顾韶闻言,却莞尔道:“好孩子,我说的‘困于情’,可不是指你与你爹的父女之情啊!你想困着你爹的情,是骨肉亲情么?”
“叔公既是长辈又是朝廷栋梁,怎么也学起长舌妇人来了?”宋宜笑心念一转,明白过来——宋缘过不了的情关,是夫妻之情,顾韶的言下之意,自然是提醒宋宜笑别学宋缘,沉迷于简虚白的宠爱!
若说宋宜笑之前只是觉得顾韶多管闲事的话,这会却已经有点动真怒了,当下也懒得尊敬他,夹枪带棒的道,“还是妾身的夫君陪钟陵郡王迎接您时,有什么不周到的地方,冒犯了您?若是如此,万望您海涵,妾身回府之后告知了夫君,必然前来向您负荆请罪!”

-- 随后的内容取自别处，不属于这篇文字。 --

text \<open>The Cauchy--Riemann equations for \<open>ux - i uy\<close> are exactly \<open>uxx + uyy = 0\<close> and
  \<open>uxy = uyx\<close>.\<close>
lemma harmonic_on_imp_cgrad_holomorphic:
  assumes "harmonic_on u S"
  shows "cgrad u holomorphic_on S"
proof -
  obtain ux uy uxx uxy uyx uyy where "open S" and
    P: "\<And>z. z \<in> S \<Longrightarrow> has_partials u ux uy z \<and> has_partials ux uxx uxy z \<and>
                       has_partials uy uyx uyy z \<and> uxx z + uyy z = 0"
    and "continuous_on S uxy" "continuous_on S uyx"
    using assms unfolding harmonic_on_def by blast
  have sym: "uxy z = uyx z" if "z \<in> S" for z
    by (rule has_partials_mixed_symmetric[OF \<open>open S\<close> that])
       (use P \<open>open S\<close> \<open>continuous_on S uxy\<close> \<open>continuous_on S uyx\<close> that
         in \<open>auto simp: continuous_on_eq_continuous_at\<close>)
  have "(\<lambda>z. complex_of_real (ux z) - \<i> * complex_of_real (uy z)) field_differentiable at z"
    if "z \<in> S" for z
  proof -
    have "((\<lambda>z. complex_of_real (ux z) - \<i> * complex_of_real (uy z)) has_derivative
          (\<lambda>h. of_real (uxx z * Re h + uxy z * Im h) - \<i> * of_real (uyx z * Re h + uyy z * Im h))) (at z)"
      using P[OF that] unfolding has_partials_def
      by (elim conjE) (intro derivative_intros; assumption)
    moreover have "(\<lambda>h. of_real (uxx z * Re h + uxy z * Im h) - \<i> * of_real (uyx z * Re h + uyy z * Im h))
                   = (*) (of_real (uxx z) - \<i> * of_real (uyx z))"
    proof -
      have "uyy z = - uxx z"
        using P[OF that] by simp
      then show ?thesis
        using sym[OF that] by (auto simp: fun_eq_iff complex_eq_iff algebra_simps)
    qed
    ultimately show ?thesis
      unfolding field_differentiable_def has_field_derivative_def by auto
  qed
  then have "(\<lambda>z. complex_of_real (ux z) - \<i> * complex_of_real (uy z)) holomorphic_on S"
    using \<open>open S\<close> by (simp add: holomorphic_on_open field_differentiable_def)
  moreover have "complex_of_real (ux z) - \<i> * complex_of_real (uy z) = cgrad u z" if "z \<in> S" for z
    using P[OF that] by (simp add: cgrad_eq_partials[symmetric])
  ultimately show ?thesis
    by (rule holomorphic_transform) (simp only:)
qed

lemma exists_higher_deriv_nonzero:
  assumes "f holomorphic_on S" "open S" "connected S" "z \<in> S" "w \<in> S" "f w \<noteq> 0"
  shows "\<exists>n. (deriv ^^ n) f z \<noteq> 0"
  using holomorphic_fun_eq_0_on_connected[OF assms(1-3) _ assms(4,5)] assms(6) by blast

lemma zorder_eq_Least_higher_deriv_nonzero:
  assumes "f holomorphic_on S" "open S" "z \<in> S" "\<exists>n. (deriv ^^ n) f z \<noteq> 0"
  shows "zorder f z = int (LEAST n. (deriv ^^ n) f z \<noteq> 0)"
proof (rule zorder_zero_eqI[OF assms(1-3)])
  show "(deriv ^^ i) f z = 0" if "i < nat (int (LEAST n. (deriv ^^ n) f z \<noteq> 0))" for i
    using not_less_Least that by auto
  show "(deriv ^^ nat (int (LEAST n. (deriv ^^ n) f z \<noteq> 0))) f z \<noteq> 0"
    using LeastI_ex[OF assms(4)] by simp
qed simp

lemma vanishing_order_eq_zorder:
  assumes "f holomorphic_on S" "open S" "connected S" "z \<in> S" "w \<in> S" "f w \<noteq> 0"
  obtains n where "vanishing_order f z = enat n" "zorder f z = int n"
proof -
  have "\<exists>n. (deriv ^^ n) f z \<noteq> 0"
    by (rule exists_higher_deriv_nonzero[OF assms])
  with zorder_eq_Least_higher_deriv_nonzero[OF assms(1,2,4)] show thesis
    by (intro that[of "LEAST n. (deriv ^^ n) f z \<noteq> 0"]) (simp_all add: vanishing_order_def)
qed

lemma finite_zeros_if_nonzero_near_sphere:
  assumes "f holomorphic_on ball 0 1" "0 \<le> r0" "r0 < 1"
    and nz: "\<And>z. z \<in> ball 0 1 \<Longrightarrow> r0 < norm z \<Longrightarrow> f z \<noteq> 0"
  shows "finite {z \<in> ball 0 1. f z = 0}"
proof (cases "f constant_on ball 0 1")
  case True
  define w :: complex where "w = of_real ((1 + r0) / 2)"
  have "norm w = (1 + r0) / 2"
    unfolding w_def norm_of_real using assms(2) by simp
  then have "w \<in> ball 0 1" "r0 < norm w"
    using assms(3) by auto
  with True nz have "{z \<in> ball 0 1. f z = 0} = {}"
    unfolding constant_on_def by fastforce
  then show ?thesis
    by (metis finite.emptyI)
next
  case False
  have "finite {z \<in> cball 0 r0. f z = 0}"
    by (rule holomorphic_compact_finite_zeros[OF assms(1) open_ball
          convex_connected[OF convex_ball] compact_cball _ False])
       (use assms(3) in auto)
  moreover have "{z \<in> ball 0 1. f z = 0} \<subseteq> {z \<in> cball 0 r0. f z = 0}"
    using nz by (force simp: not_less)
  ultimately show ?thesis
    by (rule finite_subset[rotated])
qed

lemma contour_integral_logderiv_circlepath:
  assumes holo: "f holomorphic_on ball 0 1" and "0 \<le> r0" "r0 < r" "r < 1"
    and nz: "\<And>z. z \<in> ball 0 1 \<Longrightarrow> r0 < norm z \<Longrightarrow> f z \<noteq> 0"
  shows "contour_integral (circlepath 0 r) (\<lambda>z. deriv f z / f z) =
         2 * pi * \<i> * of_int (\<Sum>p\<in>{z \<in> ball 0 1. f z = 0}. zorder f p)"
proof -
  define Z where "Z = {z \<in> ball 0 1. f z = 0}"
  have "finite Z"
    unfolding Z_def by (rule finite_zeros_if_nonzero_near_sphere[OF holo _ _ nz]) (use assms in auto)
  have "contour_integral (circlepath 0 r) (\<lambda>z. deriv f z * 1 / f z) =
        2 * pi * \<i> * (\<Sum>p\<in>{w \<in> ball 0 1. f w = 0 \<or> w \<in> {}}. winding_number (circlepath 0 r) p * 1 * zorder f p)"
  proof (rule argument_principle)
    show "path_image (circlepath 0 r) \<subseteq> ball 0 1 - {w \<in> ball 0 1. f w = 0 \<or> w \<in> {}}"
      using assms nz by auto
    show "\<forall>z. z \<notin> ball 0 1 \<longrightarrow> winding_number (circlepath 0 r) z = 0"
      using assms by (auto intro!: winding_number_zero_outside[of _ "cball 0 r"] simp: valid_path_imp_path)
  qed (use holo assms \<open>finite Z\<close> in \<open>auto simp: Z_def convex_connected\<close>)
  also have "\<dots> = 2 * pi * \<i> * (\<Sum>p\<in>Z. of_int (zorder f p))"
  proof -
    have "winding_number (circlepath 0 r) p = 1" if "p \<in> Z" for p
      using that nz[of p] assms by (intro winding_number_circlepath) (force simp: Z_def)+
    then show ?thesis
      by (simp add: Z_def)
  qed
  finally show ?thesis
    by (simp add: Z_def)
qed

——真以为端着个长辈身份,就可以肆意挑唆别人家夫妻不和,彼此猜忌了?!
宋宜笑心中冷笑连连:“这简直就是当我不长脑子了是不是?!”
她正火冒三丈,却听顾韶依旧蔼声道:“你们夫妇乃是郎才女貌的一对,我岂会作拆散你们这样的孽?只是不想你如你爹一样,因着两情相悦,失了未雨绸缪之心罢了!”
说到这里轻笑出声,“我与老燕国公虽然有些过节,却还不至于迁怒到孙辈头上去!再说我如今才应下教导钟陵郡王,燕国公乃太子一派的臂助,坑他岂不等于坑我自己?”

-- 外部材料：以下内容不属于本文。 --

(* Let $\mathcal{C}$ be a DC circuit whose elements are ideal DC voltage sources, resistors (with positive finite resistances), capacitors and/or inductors, with arbitrary topology, and suppose $\mathcal{C}$ is in a DC steady state. Let $\mathcal{C}^+$ be the circuit obtained from $\mathcal{C}$ by adding one new link consisting of a resistor with positive resistance between two nodes of $\mathcal{C}$, and suppose $\mathcal{C}^+$ is also in a DC steady state. Let $\mathrm{Loss}'$ and $\mathrm{Loss}$ denote the total steady-state resistive losses $\sum I^2R$ (sum over all resistors) of $\mathcal{C}$ and $\mathcal{C}^+$ respectively. Then $\mathrm{Loss}\ge\mathrm{Loss}'$; that is, the steady-state Loss Cost of the Link $\mathrm{LCL}=\mathrm{Loss}/\mathrm{Loss}'$ satisfies $\mathrm{LCL}\ge1$.
   Context: A circuit is modeled as a finite graph whose nodes are points where two or more circuit elements meet and whose links each carry one element. In a DC steady state, node potentials and branch currents satisfy Kirchhoff's current and voltage laws, each resistor obeys Ohm's law $V=IR$, each voltage source imposes a fixed potential difference across its link, each capacitor carries zero current (acts as an open circuit), and each inductor has zero voltage drop (acts as a short circuit). The Loss Cost of the Link (LCL) is the ratio of the total network resistive loss after adding a link to the total network resistive loss before adding it. *)

theory Defs
  imports Complex_Main
begin

text \<open>Circuit elements. A link l with endpoints ends l = (u, v) carries current i l
  from u to v; the voltage across it is p u - p v.\<close>
datatype element =
    VSource real
  | is_Resistor: Resistor (res: real)
  | Capacitor                    \<comment> \<open>DC: open circuit, i = 0\<close>
  | Inductor                     \<comment> \<open>DC: short circuit, p u - p v = 0\<close>

definition circuit :: "'n set \<Rightarrow> 'l set \<Rightarrow> ('l \<Rightarrow> 'n \<times> 'n) \<Rightarrow> ('l \<Rightarrow> element) \<Rightarrow> bool" where
  "circuit N L ends el \<longleftrightarrow>
     finite N \<and> finite L \<and>
     (\<forall>l\<in>L. fst (ends l) \<in> N \<and> snd (ends l) \<in> N) \<and>
     (\<forall>l\<in>L. is_Resistor (el l) \<longrightarrow> res (el l) > 0) \<and>
     (\<forall>v\<in>N. 2 \<le> card {l\<in>L. fst (ends l) = v \<or> snd (ends l) = v})"

text \<open>DC steady state with node potentials p and branch currents i
  (KVL holds automatically since voltages are potential differences).\<close>
definition steady_state :: "'n set \<Rightarrow> 'l set \<Rightarrow> ('l \<Rightarrow> 'n \<times> 'n) \<Rightarrow> ('l \<Rightarrow> element)
    \<Rightarrow> ('n \<Rightarrow> real) \<Rightarrow> ('l \<Rightarrow> real) \<Rightarrow> bool" where
  "steady_state N L ends el p i \<longleftrightarrow>
     (\<forall>v\<in>N. (\<Sum>l\<in>{l\<in>L. fst (ends l) = v}. i l) = (\<Sum>l\<in>{l\<in>L. snd (ends l) = v}. i l)) \<and>
     (\<forall>l\<in>L. (case el l of
         VSource V \<Rightarrow> p (fst (ends l)) - p (snd (ends l)) = V
       | Resistor R \<Rightarrow> p (fst (ends l)) - p (snd (ends l)) = i l * R
       | Capacitor \<Rightarrow> i l = 0
       | Inductor \<Rightarrow> p (fst (ends l)) - p (snd (ends l)) = 0))"

definition loss :: "'l set \<Rightarrow> ('l \<Rightarrow> element) \<Rightarrow> ('l \<Rightarrow> real) \<Rightarrow> real" where
  "loss L el i = (\<Sum>l\<in>{l\<in>L. is_Resistor (el l)}. (i l)^2 * res (el l))"

text \<open>The circuit with one added link: old links are Some l, the new link is None.\<close>
definition plus_links :: "'l set \<Rightarrow> 'l option set" where
  "plus_links L = insert None (Some ` L)"

definition plus_ends :: "('l \<Rightarrow> 'n \<times> 'n) \<Rightarrow> 'n \<Rightarrow> 'n \<Rightarrow> 'l option \<Rightarrow> 'n \<times> 'n" where
  "plus_ends ends a b = (\<lambda>x. case x of None \<Rightarrow> (a, b) | Some l \<Rightarrow> ends l)"

definition plus_el :: "('l \<Rightarrow> element) \<Rightarrow> real \<Rightarrow> 'l option \<Rightarrow> element" where
  "plus_el el R0 = (\<lambda>x. case x of None \<Rightarrow> Resistor R0 | Some l \<Rightarrow> el l)"

end

theory Submission
  imports Defs
begin

text \<open>Let \<open>i\<close> be the currents of \<open>\<C>\<close> and \<open>j\<close> the currents of \<open>\<C>\<^sup>+\<close> on the old links.
  Tellegen's theorem for \<open>i\<close> against the potential change \<open>p' - p\<close> gives
  \<open>\<Sum> i (j - i) R = 0\<close> over the resistors: a voltage source or an inductor has the same voltage
  in both states and a capacitor carries no current, so only resistors contribute.
  Hence \<open>\<Sum> j\<^sup>2 R = \<Sum> i\<^sup>2 R + \<Sum> (j - i)\<^sup>2 R \<ge> \<Sum> i\<^sup>2 R\<close>, and the new resistor only adds loss.\<close>

definition dc_law :: "element \<Rightarrow> real \<Rightarrow> real \<Rightarrow> bool" where
  "dc_law e u c \<longleftrightarrow> (case e of
       VSource V \<Rightarrow> u = V
     | Resistor R \<Rightarrow> u = c * R
     | Capacitor \<Rightarrow> c = 0
     | Inductor \<Rightarrow> u = 0)"

lemma steady_state_dc_law:
  assumes "steady_state N L ends el p i" and "l \<in> L"
  shows "dc_law (el l) (p (fst (ends l)) - p (snd (ends l))) (i l)"
  using assms by (auto simp: steady_state_def dc_law_def)

lemma steady_state_kcl:
  assumes "steady_state N L ends el p i" and "v \<in> N"
  shows "(\<Sum>l\<in>{l\<in>L. fst (ends l) = v}. i l) = (\<Sum>l\<in>{l\<in>L. snd (ends l) = v}. i l)"
  using assms by (simp add: steady_state_def)

lemma dc_law_cross_power:
  assumes "dc_law e u c" and "dc_law e u' c'"
  shows "c * (u' - u) = (if is_Resistor e then c * (c' - c) * res e else 0)"
  using assms by (cases e) (auto simp: dc_law_def algebra_simps)

lemma sum_links_by_node:
  fixes i :: "'l \<Rightarrow> 'a::semiring_0" and q :: "'n \<Rightarrow> 'a"
  assumes "finite N" and "finite L" and "f ` L \<subseteq> N"
  shows "(\<Sum>l\<in>L. i l * q (f l)) = (\<Sum>v\<in>N. (\<Sum>l\<in>{l\<in>L. f l = v}. i l) * q v)"
proof -
  have "(\<Sum>l\<in>L. i l * q (f l)) = (\<Sum>v\<in>N. \<Sum>l\<in>{l\<in>L. f l = v}. i l * q (f l))"
    using sum.group[OF assms(2,1,3), of "\<lambda>l. i l * q (f l)"] by simp
  also have "\<dots> = (\<Sum>v\<in>N. (\<Sum>l\<in>{l\<in>L. f l = v}. i l) * q v)"
    by (intro sum.cong refl) (auto simp: sum_distrib_right intro: sum.cong)
  finally show ?thesis .
qed

theorem tellegen:
  fixes i :: "'l \<Rightarrow> 'a::ring" and q :: "'n \<Rightarrow> 'a"
  assumes "finite N" and "finite L"
    and ends: "\<forall>l\<in>L. fst (ends l) \<in> N \<and> snd (ends l) \<in> N"
    and kcl: "\<forall>v\<in>N. (\<Sum>l\<in>{l\<in>L. fst (ends l) = v}. i l) = (\<Sum>l\<in>{l\<in>L. snd (ends l) = v}. i l)"
  shows "(\<Sum>l\<in>L. i l * (q (fst (ends l)) - q (snd (ends l)))) = 0"
proof -
  have "(\<lambda>l. fst (ends l)) ` L \<subseteq> N" "(\<lambda>l. snd (ends l)) ` L \<subseteq> N"
    using ends by auto
  from sum_links_by_node[OF assms(1,2) this(1)] sum_links_by_node[OF assms(1,2) this(2)]
  have "(\<Sum>l\<in>L. i l * q (fst (ends l))) = (\<Sum>l\<in>L. i l * q (snd (ends l)))"
    using kcl by (metis (no_types, lifting) sum.cong)
  then show ?thesis by (simp add: right_diff_distrib sum_subtractf)
qed

lemma resistor_cross_power_zero:
  assumes "finite N" and "finite L"
    and "\<forall>l\<in>L. fst (ends l) \<in> N \<and> snd (ends l) \<in> N"
    and "steady_state N L ends el p i"
    and law': "\<forall>l\<in>L. dc_law (el l) (p' (fst (ends l)) - p' (snd (ends l))) (j l)"
  shows "(\<Sum>l\<in>{l\<in>L. is_Resistor (el l)}. i l * (j l - i l) * res (el l)) = 0"
proof -
  let ?u = "\<lambda>p l. p (fst (ends l)) - p (snd (ends l))"
  have link: "i l * (?u p' l - ?u p l) = (if is_Resistor (el l) then i l * (j l - i l) * res (el l) else 0)"
    if "l \<in> L" for l
    using dc_law_cross_power steady_state_dc_law[OF assms(4) that] law' that by blast
  have "(\<Sum>l\<in>{l\<in>L. is_Resistor (el l)}. i l * (j l - i l) * res (el l))
      = (\<Sum>l\<in>L. i l * (?u p' l - ?u p l))"
    using assms(2) by (simp add: sum.inter_filter link cong: sum.cong)
  also have "\<dots> = (\<Sum>l\<in>L. i l * (?u (\<lambda>v. p' v - p v) l))"
    by (simp add: algebra_simps)
  also have "\<dots> = 0"
    using steady_state_kcl[OF assms(4)] by (intro tellegen[OF assms(1-3)]) blast
  finally show ?thesis .
qed

lemma loss_steady_state_le:
  assumes "finite N" and "finite L"
    and "\<forall>l\<in>L. fst (ends l) \<in> N \<and> snd (ends l) \<in> N"
    and "\<forall>l\<in>L. is_Resistor (el l) \<longrightarrow> res (el l) \<ge> 0"
    and "steady_state N L ends el p i"
    and "\<forall>l\<in>L. dc_law (el l) (p' (fst (ends l)) - p' (snd (ends l))) (j l)"
  shows "loss L el i \<le> loss L el j"
proof -
  let ?R = "{l\<in>L. is_Resistor (el l)}"
  have "loss L el j = (\<Sum>l\<in>?R. (i l)\<^sup>2 * res (el l) + (j l - i l)\<^sup>2 * res (el l)
                                + 2 * (i l * (j l - i l) * res (el l)))"
    unfolding loss_def by (rule sum.cong) (simp_all add: power2_eq_square algebra_simps)
  also have "\<dots> = loss L el i + (\<Sum>l\<in>?R. (j l - i l)\<^sup>2 * res (el l))"
    using resistor_cross_power_zero[OF assms(1-3,5,6)]
    by (simp add: loss_def sum.distrib sum_distrib_left[symmetric])
  also have "\<dots> \<ge> loss L el i"
    using assms(4) by (auto intro!: sum_nonneg)
  finally show ?thesis .
qed

lemma loss_plus_links_ge:
  assumes "finite L" and "R0 \<ge> 0"
  shows "loss L el (i' \<circ> Some) \<le> loss (plus_links L) (plus_el el R0) i'"
proof -
  have "{x \<in> plus_links L. is_Resistor (plus_el el R0 x)}
      = insert None (Some ` {l\<in>L. is_Resistor (el l)})"
    by (auto simp: plus_links_def plus_el_def)
  then show ?thesis
    using assms by (simp add: loss_def plus_el_def sum.reindex)
qed

theorem proposition5:
  fixes N :: "'n set" and L :: "'l set" and ends :: "'l \<Rightarrow> 'n \<times> 'n"
    and el :: "'l \<Rightarrow> element" and a b :: 'n and R0 :: real
    and p p' :: "'n \<Rightarrow> real" and i :: "'l \<Rightarrow> real" and i' :: "'l option \<Rightarrow> real"
  assumes "circuit N L ends el"
    and "a \<in> N" and "b \<in> N" and "a \<noteq> b" and "R0 > 0"
    and "steady_state N L ends el p i"
    and "steady_state N (plus_links L) (plus_ends ends a b) (plus_el el R0) p' i'"
  shows "loss (plus_links L) (plus_el el R0) i' \<ge> loss L el i"
proof -
  have circ: "finite N" "finite L" "\<forall>l\<in>L. fst (ends l) \<in> N \<and> snd (ends l) \<in> N"
      "\<forall>l\<in>L. is_Resistor (el l) \<longrightarrow> res (el l) \<ge> 0"
    using assms(1) by (auto simp: circuit_def less_imp_le)
  have "\<forall>l\<in>L. dc_law (el l) (p' (fst (ends l)) - p' (snd (ends l))) ((i' \<circ> Some) l)"
    using steady_state_dc_law[OF assms(7)]
    by (force simp: plus_links_def plus_ends_def plus_el_def)
  then have "loss L el i \<le> loss L el (i' \<circ> Some)"
    by (rule loss_steady_state_le[OF circ assms(6)])
  also have "\<dots> \<le> loss (plus_links L) (plus_el el R0) i'"
    using loss_plus_links_ge[OF circ(2)] assms(5) by simp
  finally show ?thesis .
qed

end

“我一介女流,却不知道要怎么做,才算叔公所言的未雨绸缪呢?”他这云淡风轻的态度落在宋宜笑眼里自然可信度不高,只是赌气的话才到嘴边,她心念却一转,敛了怒色,冷静请教起来。
见状,顾韶眼中流露出一抹满意与赞赏,抚了把长须,轻笑道:“明人面前不说暗话:我既然肯教导钟陵郡王,肯定是看好太子的。这一点上,我与你们夫妇,立场相同,是也不是?”
见宋宜笑颔首,他微笑着继续道,“不过,钟陵郡王可不是太子唯一的子嗣啊!”
“但郡王乃太子嫡长子!”宋宜笑听到这话,心头猛然一跳,下意识道,“何况太子妃是陛下亲择的儿媳妇,无论太后还是陛下,都对其深为赞许!钟陵郡王更是素有聪慧之名——最重要的是,叔公昨日才面圣,据说陛下御体正渐康复?”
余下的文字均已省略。